::: RECORD EXCERPTS :::

(* In HotStuff with $n$ validators, if there is a safety violation (COMMIT quorum certificates exist for two conflicting blocks), then one can identify at least $n/3$ validators each of which has violated one of the HotStuff slashing conditions.
   Context: HotStuff: execution proceeds in views, each with a leader. Votes carry a block, a view number and a type among PREPARE, PRE-COMMIT, COMMIT. A quorum certificate (QC) is a collection of at least $2n/3$ votes of the same type, view and block. In each view the leader proposes a block justified by the highest PREPARE QC it knows; validators vote PREPARE for the proposal only if it is safe (the safeNode rule: it extends the block the validator is locked on, or its justifying PREPARE QC has a higher view than the lock); given a PREPARE QC the validators vote PRE-COMMIT, and upon a PRE-COMMIT QC for a block a validator locks on it and votes COMMIT; a block is decided once it has a COMMIT QC. HotStuff slashing conditions: a validator violates a slashing condition if (1) it votes more than once for the same type and the same view, or (2) it votes COMMIT for a block $B_1$ in view $v_1$ and later votes PREPARE for a block $B_2$ conflicting with $B_1$ in a view $v_2>v_1$, unless there has been a PREPARE QC for a block conflicting with $B_1$ in some view $v$ with $v_1<v<v_2$. *)

theory Defs
  imports Main
begin

datatype vtype = Prepare | PreCommit | Commit

definition extends :: "('b \<Rightarrow> 'b option) \<Rightarrow> 'b \<Rightarrow> 'b \<Rightarrow> bool" where
  "extends parent b a \<longleftrightarrow> (b, a) \<in> {(x, y). parent x = Some y}\<^sup>*"

definition conflicting :: "('b \<Rightarrow> 'b option) \<Rightarrow> 'b \<Rightarrow> 'b \<Rightarrow> bool" where
  "conflicting parent b1 b2 \<longleftrightarrow> \<not> extends parent b1 b2 \<and> \<not> extends parent b2 b1"

text \<open>A vote is a tuple (validator, type, view, block); Votes is the set of all
  votes ever cast.\<close>
type_synonym ('v, 'b) vote = "'v \<times> vtype \<times> nat \<times> 'b"

definition is_qc :: "'v set \<Rightarrow> ('v, 'b) vote set \<Rightarrow> vtype \<Rightarrow> nat \<Rightarrow> 'b \<Rightarrow> 'v set \<Rightarrow> bool" where
  "is_qc V Votes t w b Q \<longleftrightarrow> Q \<subseteq> V \<and> 3 * card Q \<ge> 2 * card V \<and> (\<forall>x\<in>Q. (x, t, w, b) \<in> Votes)"

definition has_qc :: "'v set \<Rightarrow> ('v, 'b) vote set \<Rightarrow> vtype \<Rightarrow> nat \<Rightarrow> 'b \<Rightarrow> bool" where
  "has_qc V Votes t w b \<longleftrightarrow> (\<exists>Q. is_qc V Votes t w b Q)"

definition valid_votes :: "'v set \<Rightarrow> ('v, 'b) vote set \<Rightarrow> bool" where
  "valid_votes V Votes \<longleftrightarrow>
     (\<forall>x w b. (x, PreCommit, w, b) \<in> Votes \<longrightarrow> has_qc V Votes Prepare w b) \<and>
     (\<forall>x w b. (x, Commit, w, b) \<in> Votes \<longrightarrow> has_qc V Votes PreCommit w b)"

definition slash1 :: "('v, 'b) vote set \<Rightarrow> 'v \<Rightarrow> bool" where
  "slash1 Votes x \<longleftrightarrow> (\<exists>t w b b'. b \<noteq> b' \<and> (x, t, w, b) \<in> Votes \<and> (x, t, w, b') \<in> Votes)"

definition slash2 :: "('b \<Rightarrow> 'b option) \<Rightarrow> 'v set \<Rightarrow> ('v, 'b) vote set \<Rightarrow> 'v \<Rightarrow> bool" where
  "slash2 parent V Votes x \<longleftrightarrow>
     (\<exists>b1 w1 b2 w2. (x, Commit, w1, b1) \<in> Votes \<and> (x, Prepare, w2, b2) \<in> Votes \<and>
        w1 < w2 \<and> conflicting parent b1 b2 \<and>
        \<not> (\<exists>w b. w1 < w \<and> w < w2 \<and> conflicting parent b1 b \<and> has_qc V Votes Prepare w b))"

definition violates :: "('b \<Rightarrow> 'b option) \<Rightarrow> 'v set \<Rightarrow> ('v, 'b) vote set \<Rightarrow> 'v \<Rightarrow> bool" where
  "violates parent V Votes x \<longleftrightarrow> slash1 Votes x \<or> slash2 parent V Votes x"

end

theory Submission
  imports Defs
begin

text \<open>Let the COMMIT QCs for the conflicting blocks have views \<open>w1 \<le> w2\<close>.
  If \<open>w1 = w2\<close>, every validator in both QCs voted COMMIT twice in one view.
  Otherwise the COMMIT QC at \<open>w2\<close> entails a PREPARE QC at \<open>w2\<close> for a block
  conflicting with \<open>b1\<close>; take the least view \<open>w > w1\<close> carrying such a PREPARE QC.
  Every validator in both the COMMIT QC at \<open>w1\<close> and that PREPARE QC violates
  condition (2), since by minimality no conflicting PREPARE QC lies strictly
  between \<open>w1\<close> and \<open>w\<close>. In either case two quorums of size \<open>\<ge> 2n/3\<close>
  meet in \<open>\<ge> n/3\<close> validators.\<close>

lemma conflicting_sym: "conflicting parent a b \<Longrightarrow> conflicting parent b a"
  unfolding conflicting_def by auto

lemma conflicting_imp_neq: "conflicting parent a b \<Longrightarrow> a \<noteq> b"
  unfolding conflicting_def extends_def by auto

lemma qc_intersection_card:
  assumes "finite V" "is_qc V Votes t w b Q" "is_qc V Votes t' w' b' Q'"
  shows "3 * card (Q \<inter> Q') \<ge> card V"
proof -
  have sub: "Q \<subseteq> V" "Q' \<subseteq> V" and big: "3 * card Q \<ge> 2 * card V" "3 * card Q' \<ge> 2 * card V"
    using assms(2,3) unfolding is_qc_def by auto
  have "finite Q" "finite Q'" using sub assms(1) finite_subset by auto
  then have "card Q + card Q' = card (Q \<union> Q') + card (Q \<inter> Q')" by (rule card_Un_Int)
  moreover have "card (Q \<union> Q') \<le> card V"
    using sub assms(1) by (intro card_mono) auto
  ultimately show ?thesis using big by linarith
qed

lemma accountable_if_qc_intersection_violates:
  assumes "finite V" "is_qc V Votes t w b Q" "is_qc V Votes t' w' b' Q'"
    and "\<forall>x\<in>Q \<inter> Q'. violates parent V Votes x"
  shows "\<exists>S \<subseteq> V. 3 * card S \<ge> card V \<and> (\<forall>x\<in>S. violates parent V Votes x)"
proof (intro exI conjI)
  show "Q \<inter> Q' \<subseteq> V" using assms(2) unfolding is_qc_def by auto
qed (use assms qc_intersection_card in auto)

text \<open>If \<open>V = {}\<close> the empty set is a QC for anything; otherwise a QC has a member
  whose vote yields the new QC.\<close>

lemma has_qc_if_voters_have_qc:
  assumes "finite V" "has_qc V Votes t w b"
    and "\<And>x. (x, t, w, b) \<in> Votes \<Longrightarrow> has_qc V Votes t' w b"
  shows "has_qc V Votes t' w b"
proof -
  obtain Q where Q: "is_qc V Votes t w b Q" using assms(2) unfolding has_qc_def by blast
  show ?thesis
  proof (cases "Q = {}")
    case True
    with Q assms(1) have "V = {}" unfolding is_qc_def by simp
    then show ?thesis unfolding has_qc_def is_qc_def by auto
  next
    case False
    with Q assms(3) show ?thesis unfolding is_qc_def by blast
  qed
qed

lemma prepare_qc_if_commit_qc:
  assumes fin: "finite V" and valid: "valid_votes V Votes" and "has_qc V Votes Commit w b"
  shows "has_qc V Votes Prepare w b"
proof -
  have "has_qc V Votes PreCommit w b"
    using fin \<open>has_qc V Votes Commit w b\<close>
  proof (rule has_qc_if_voters_have_qc)
    show "has_qc V Votes PreCommit w b" if "(x, Commit, w, b) \<in> Votes" for x
      using that valid unfolding valid_votes_def by blast
  qed
  with fin show ?thesis
  proof (rule has_qc_if_voters_have_qc)
    show "has_qc V Votes Prepare w b" if "(x, PreCommit, w, b) \<in> Votes" for x
      using that valid unfolding valid_votes_def by blast
  qed
qed

lemma slash1_if_commit_qcs_same_view:
  assumes "is_qc V Votes Commit w b1 Q1" "is_qc V Votes Commit w b2 Q2" "b1 \<noteq> b2"
    and "x \<in> Q1 \<inter> Q2"
  shows "slash1 Votes x"
proof -
  have "(x, Commit, w, b1) \<in> Votes" "(x, Commit, w, b2) \<in> Votes"
    using assms(1,2,4) unfolding is_qc_def by auto
  with assms(3) show ?thesis unfolding slash1_def by blast
qed

lemma first_conflicting_prepare_qc:
  assumes "w1 < w2" "conflicting parent b1 b2" "has_qc V Votes Prepare w2 b2"
  obtains w b where "w1 < w" "conflicting parent b1 b" "has_qc V Votes Prepare w b"
    and "\<not> (\<exists>u c. w1 < u \<and> u < w \<and> conflicting parent b1 c \<and> has_qc V Votes Prepare u c)"
proof -
  define P where "P w \<longleftrightarrow> w1 < w \<and> (\<exists>b. conflicting parent b1 b \<and> has_qc V Votes Prepare w b)"
    for w
  define w where "w = (LEAST w. P w)"
  have "P w2" unfolding P_def using assms by blast
  then have "P w" unfolding w_def by (rule LeastI)
  then obtain b where "w1 < w" "conflicting parent b1 b" "has_qc V Votes Prepare w b"
    unfolding P_def by blast
  moreover have "\<not> P u" if "u < w" for u
    using that unfolding w_def by (rule not_less_Least)
  then have "\<not> (\<exists>u c. w1 < u \<and> u < w \<and> conflicting parent b1 c \<and> has_qc V Votes Prepare u c)"
    unfolding P_def by blast
  ultimately show ?thesis by (rule that)
qed

lemma slash2_if_commit_then_first_conflicting_prepare:
  assumes "is_qc V Votes Commit w1 b1 Q1" "is_qc V Votes Prepare w b Qp"
    and "w1 < w" "conflicting parent b1 b"
    and "\<not> (\<exists>u c. w1 < u \<and> u < w \<and> conflicting parent b1 c \<and> has_qc V Votes Prepare u c)"
    and "x \<in> Q1 \<inter> Qp"
  shows "slash2 parent V Votes x"
proof -
  have "(x, Commit, w1, b1) \<in> Votes" "(x, Prepare, w, b) \<in> Votes"
    using assms(1,2,6) unfolding is_qc_def by auto
  with assms(3-5) show ?thesis unfolding slash2_def by (intro exI[of _ b1] exI[of _ w1] exI[of _ b] exI[of _ w]) simp
qed

lemma accountable_safety_ordered:
  assumes fin: "finite V" and valid: "valid_votes V Votes"
    and c1: "has_qc V Votes Commit w1 b1" and c2: "has_qc V Votes Commit w2 b2"
    and conf: "conflicting parent b1 b2" and "w1 \<le> w2"
  shows "\<exists>S \<subseteq> V. 3 * card S \<ge> card V \<and> (\<forall>x\<in>S. violates parent V Votes x)"
proof -
  obtain Q1 where Q1: "is_qc V Votes Commit w1 b1 Q1" using c1 unfolding has_qc_def by blast
  show ?thesis
  proof (cases "w1 = w2")
    case True
    obtain Q2 where Q2: "is_qc V Votes Commit w1 b2 Q2"
      using c2 True unfolding has_qc_def by blast
    have "\<forall>x\<in>Q1 \<inter> Q2. violates parent V Votes x"
      using slash1_if_commit_qcs_same_view[OF Q1 Q2 conflicting_imp_neq[OF conf]]
      unfolding violates_def by blast
    with fin Q1 Q2 show ?thesis by (rule accountable_if_qc_intersection_violates)
  next
    case False
    with \<open>w1 \<le> w2\<close> have "w1 < w2" by simp
    then obtain w b where w: "w1 < w" "conflicting parent b1 b" "has_qc V Votes Prepare w b"
      and first: "\<not> (\<exists>u c. w1 < u \<and> u < w \<and> conflicting parent b1 c \<and> has_qc V Votes Prepare u c)"
      using conf prepare_qc_if_commit_qc[OF fin valid c2] by (rule first_conflicting_prepare_qc)
    obtain Qp where Qp: "is_qc V Votes Prepare w b Qp" using w(3) unfolding has_qc_def by blast
    have "\<forall>x\<in>Q1 \<inter> Qp. violates parent V Votes x"
      using slash2_if_commit_then_first_conflicting_prepare[OF Q1 Qp w(1,2) first]
      unfolding violates_def by blast
    with fin Q1 Qp show ?thesis by (rule accountable_if_qc_intersection_violates)
  qed
qed

theorem lemma3:
  fixes parent :: "'b \<Rightarrow> 'b option"
    and V :: "'v set"
    and Votes :: "('v, 'b) vote set"
  assumes "finite V"
    and "valid_votes V Votes"
    and "has_qc V Votes Commit w1 b1"
    and "has_qc V Votes Commit w2 b2"
    and "conflicting parent b1 b2"
  shows "\<exists>S \<subseteq> V. 3 * card S \<ge> card V \<and> (\<forall>x\<in>S. violates parent V Votes x)"
proof (cases "w1 \<le> w2")
  case True
  then show ?thesis by (rule accountable_safety_ordered[OF assms])
next
  case False
  then have "w2 \<le> w1" by simp
  then show ?thesis
    by (rule accountable_safety_ordered[OF assms(1,2,4,3) conflicting_sym[OF assms(5)]])
qed

end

:::

EXERCISE GOAL: Check the entries above line by line and return each one containing the word "moreover".

RESULT OF THE TASK:
  moreover have "card (Q \<union> Q') \<le> card V"
  moreover have "\<not> P u" if "u < w" for u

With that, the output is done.